A GO pathway analysis delineated distinct biological processes between the two cell types (Figure 5C). TED orbital fibroblasts were predominantly involved in pathways associated with “cytoskeleton organization/assembly” (Figure 5D). In contrast, TED adipocytes were linked to “response to fatty acid” and “insulin response” pathways (Figure 5D), underscoring the substantial role of insulin in adipogenic differentiation from fibroblast to adipocytes (18). These observations further reinforce the importance of the IGF pathway in the adipogenic process in TED, aligning with findings from earlier in vitro studies on patient-derived human orbital fibroblast cell lines (18).

Linsitinib treatment reduces adipogenesis in TED fibroblasts. The observed decrease in IGF-1 pathway gene expression in differentiated adipocytes relative to orbital fibroblasts aligns with previous research that IGF-1 signaling initially surges during the early stage of adipogenesis in vitro and then declines as adipocytes mature. This finding prompted us to investigate the effects of manipulating the IGF-1 pathway on adipogenesis in orbital fibroblasts. We utilized linsitinib, a small-molecule IGF-1R antagonist, which diminishes immune infiltration and fibrosis in orbit in TED animal models (30). Currently, linsitinib is undergoing phase II clinical trials as a potential oral therapy for TED.
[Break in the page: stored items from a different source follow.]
(* For every finite hypergraph $\mathcal{H}=(X,\mathcal{E})$ with no isolated vertices and no empty hyperedge, $\tau_{\rm gr}(\mathcal{H})=\rho_{\rm gr}(\mathcal{H})$.
   Context: A vertex of a hypergraph is isolated if it lies in no hyperedge. A sequence $(C_1,\ldots,C_r)$ of distinct hyperedges is a legal hyperedge sequence if $C_i\setminus\bigcup_{j<i}C_j\neq\emptyset$ for all $i\in\{2,\ldots,r\}$; it is an edge covering sequence if moreover $C_1\cup\cdots\cup C_r=X$. The Grundy covering number $\rho_{\rm gr}(\mathcal{H})$ is the maximum length of an edge covering sequence. A legal transversal sequence is a sequence $(v_1,\ldots,v_t)$ of distinct vertices of $X$ such that for each $i$ there is a hyperedge $E_i\in\mathcal{E}$ with $v_i\in E_i$ and $v_j\notin E_i$ for all $j<i$, and such that every hyperedge of $\mathcal{E}$ contains some $v_i$. The Grundy transversal number $\tau_{\rm gr}(\mathcal{H})$ is the maximum length of a legal transversal sequence. *)

theory Defs
  imports Main
begin

definition hypergraph :: "'a set \<Rightarrow> 'a set set \<Rightarrow> bool" where
  "hypergraph X E \<longleftrightarrow> (\<forall>e\<in>E. e \<subseteq> X)"

definition isolated_vertex :: "'a set \<Rightarrow> 'a set set \<Rightarrow> 'a \<Rightarrow> bool" where
  "isolated_vertex X E v \<longleftrightarrow> v \<in> X \<and> (\<forall>e\<in>E. v \<notin> e)"

definition legal_edge_seq :: "'a set set \<Rightarrow> 'a set list \<Rightarrow> bool" where
  "legal_edge_seq E Cs \<longleftrightarrow> distinct Cs \<and> set Cs \<subseteq> E \<and>
     (\<forall>i. 1 \<le> i \<and> i < length Cs \<longrightarrow> Cs ! i - \<Union>(set (take i Cs)) \<noteq> {})"

definition edge_covering_seq :: "'a set \<Rightarrow> 'a set set \<Rightarrow> 'a set list \<Rightarrow> bool" where
  "edge_covering_seq X E Cs \<longleftrightarrow> legal_edge_seq E Cs \<and> \<Union>(set Cs) = X"

definition grundy_covering_number :: "'a set \<Rightarrow> 'a set set \<Rightarrow> nat" where
  "grundy_covering_number X E = Max {length Cs | Cs. edge_covering_seq X E Cs}"

definition legal_transversal_seq :: "'a set \<Rightarrow> 'a set set \<Rightarrow> 'a list \<Rightarrow> bool" where
  "legal_transversal_seq X E vs \<longleftrightarrow> distinct vs \<and> set vs \<subseteq> X \<and>
     (\<forall>i < length vs. \<exists>e\<in>E. vs ! i \<in> e \<and> (\<forall>j < i. vs ! j \<notin> e)) \<and>
     (\<forall>e\<in>E. \<exists>v\<in>set vs. v \<in> e)"

definition grundy_transversal_number :: "'a set \<Rightarrow> 'a set set \<Rightarrow> nat" where
  "grundy_transversal_number X E = Max {length vs | vs. legal_transversal_seq X E vs}"

end

theory Submission
  imports Defs
begin

text \<open>Both Grundy numbers count the same combinatorial object: distinct vertices v_1, ..., v_r
  and hyperedges C_1, ..., C_r with v_i \<in> C_i and v_j \<notin> C_i for j < i, a triangular incidence
  pattern. Read with the vertices in order it is a legal transversal sequence with witnesses
  C_i; read with the hyperedges in reverse order it is a legal hyperedge sequence, v_i being
  the new vertex of C_i. So a sequence of either kind yields one of the other kind of the same
  length, and since both kinds extend greedily until they cover (no hyperedge is empty, no
  vertex is isolated), the maximal lengths agree.\<close>

definition legal_vertex_seq :: "'a set \<Rightarrow> 'a set set \<Rightarrow> 'a list \<Rightarrow> bool" where
  "legal_vertex_seq X E vs \<longleftrightarrow> distinct vs \<and> set vs \<subseteq> X \<and>
     (\<forall>i < length vs. \<exists>e\<in>E. vs ! i \<in> e \<and> (\<forall>j < i. vs ! j \<notin> e))"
In our established in vitro model using patient-derived human orbital fibroblast cell lines (18), we administered linsitinib in a dose-dependent manner (Figure 6, A–L). Consistent with prior observations, adipocyte differentiation was evident by day 5 in vitro, as indicated by Oil Red O⁺ adipocytes (Figure 6E). A notable dose-dependent reduction in the proportion of adipocytes was documented following linsitinib treatment on both days 5 and 9 (Figure 6M). Considering linsitinib’s known affinity for the insulin receptor (31), which also plays a role in adipogenesis, we conducted additional experiments in insulin-free media to show the insulin-independent effects of IGF-1R inhibition on adipogenesis. Despite the overall reduction in adipogenesis due to the absence of insulin, a critical factor in adipocyte differentiation, linsitinib treatment still resulted in a dose-dependent inhibition of adipogenesis (Figure 6N). To confirm that the decrease in adipogenesis associated with linsitinib treatment is due to inhibition of IGF-1R signaling, we performed Western blots to demonstrate that treatment with linsitinib is associated with a dose-dependent decrease in IGF-1R phosphorylation on days 5 and 9 (Figure 6O). These findings emphasize the critical role of IGF-1R signaling in the adipogenic process of TED orbital fibroblasts, highlighting how linsitinib’s influence on this pathway markedly affects adipogenesis, independent of insulin signaling.

Figure 6

Effect of linsitinib on adipogenesis and IGF1R expression in orbital fibroblasts. (A–L) Oil Red O staining of orbital fibroblasts treated with adipogenic media (A, E, and I) and 0.1 μM (B, F, and J), 1 μM (C, G, and K), or 10 μM (D, H, and L) linsitinib on days 0 (A–D), 5 (E–H), and 9 (I–L) after treatment. Arrows indicate Oil Red O⁺ adipocytes. Scale bar: 50 μm. (M) Bar plot showing the percentage of adipocytes after treatment with standard adipogenic medium and 0, 0.1, 1, or 10 μM linsitinib on days 0, 5, and 9. *P < 0.05; **P < 0.01; ****P < 0.0001 by Tukey’s multiple comparison test. (N) Bar plot showing the percentage of adipocytes after treatment with insulin-free adipogenic medium and 0, 0.1, 1, or 10 μM linsitinib on days 0, 5, and 9. *P < 0.05; **P < 0.01; ****P < 0.0001 by Tukey’s multiple comparison test. (O) Bar plot (top) and blots (bottom) showing the relative expression between phospho-IGF1R and total IGF1R after treatment with insulin-free adipogenic medium and 0, 0.1, 1, or 10 μM linsitinib on days 5 and 9. ****P < 0.0001 by Šidák’s multiple comparison test.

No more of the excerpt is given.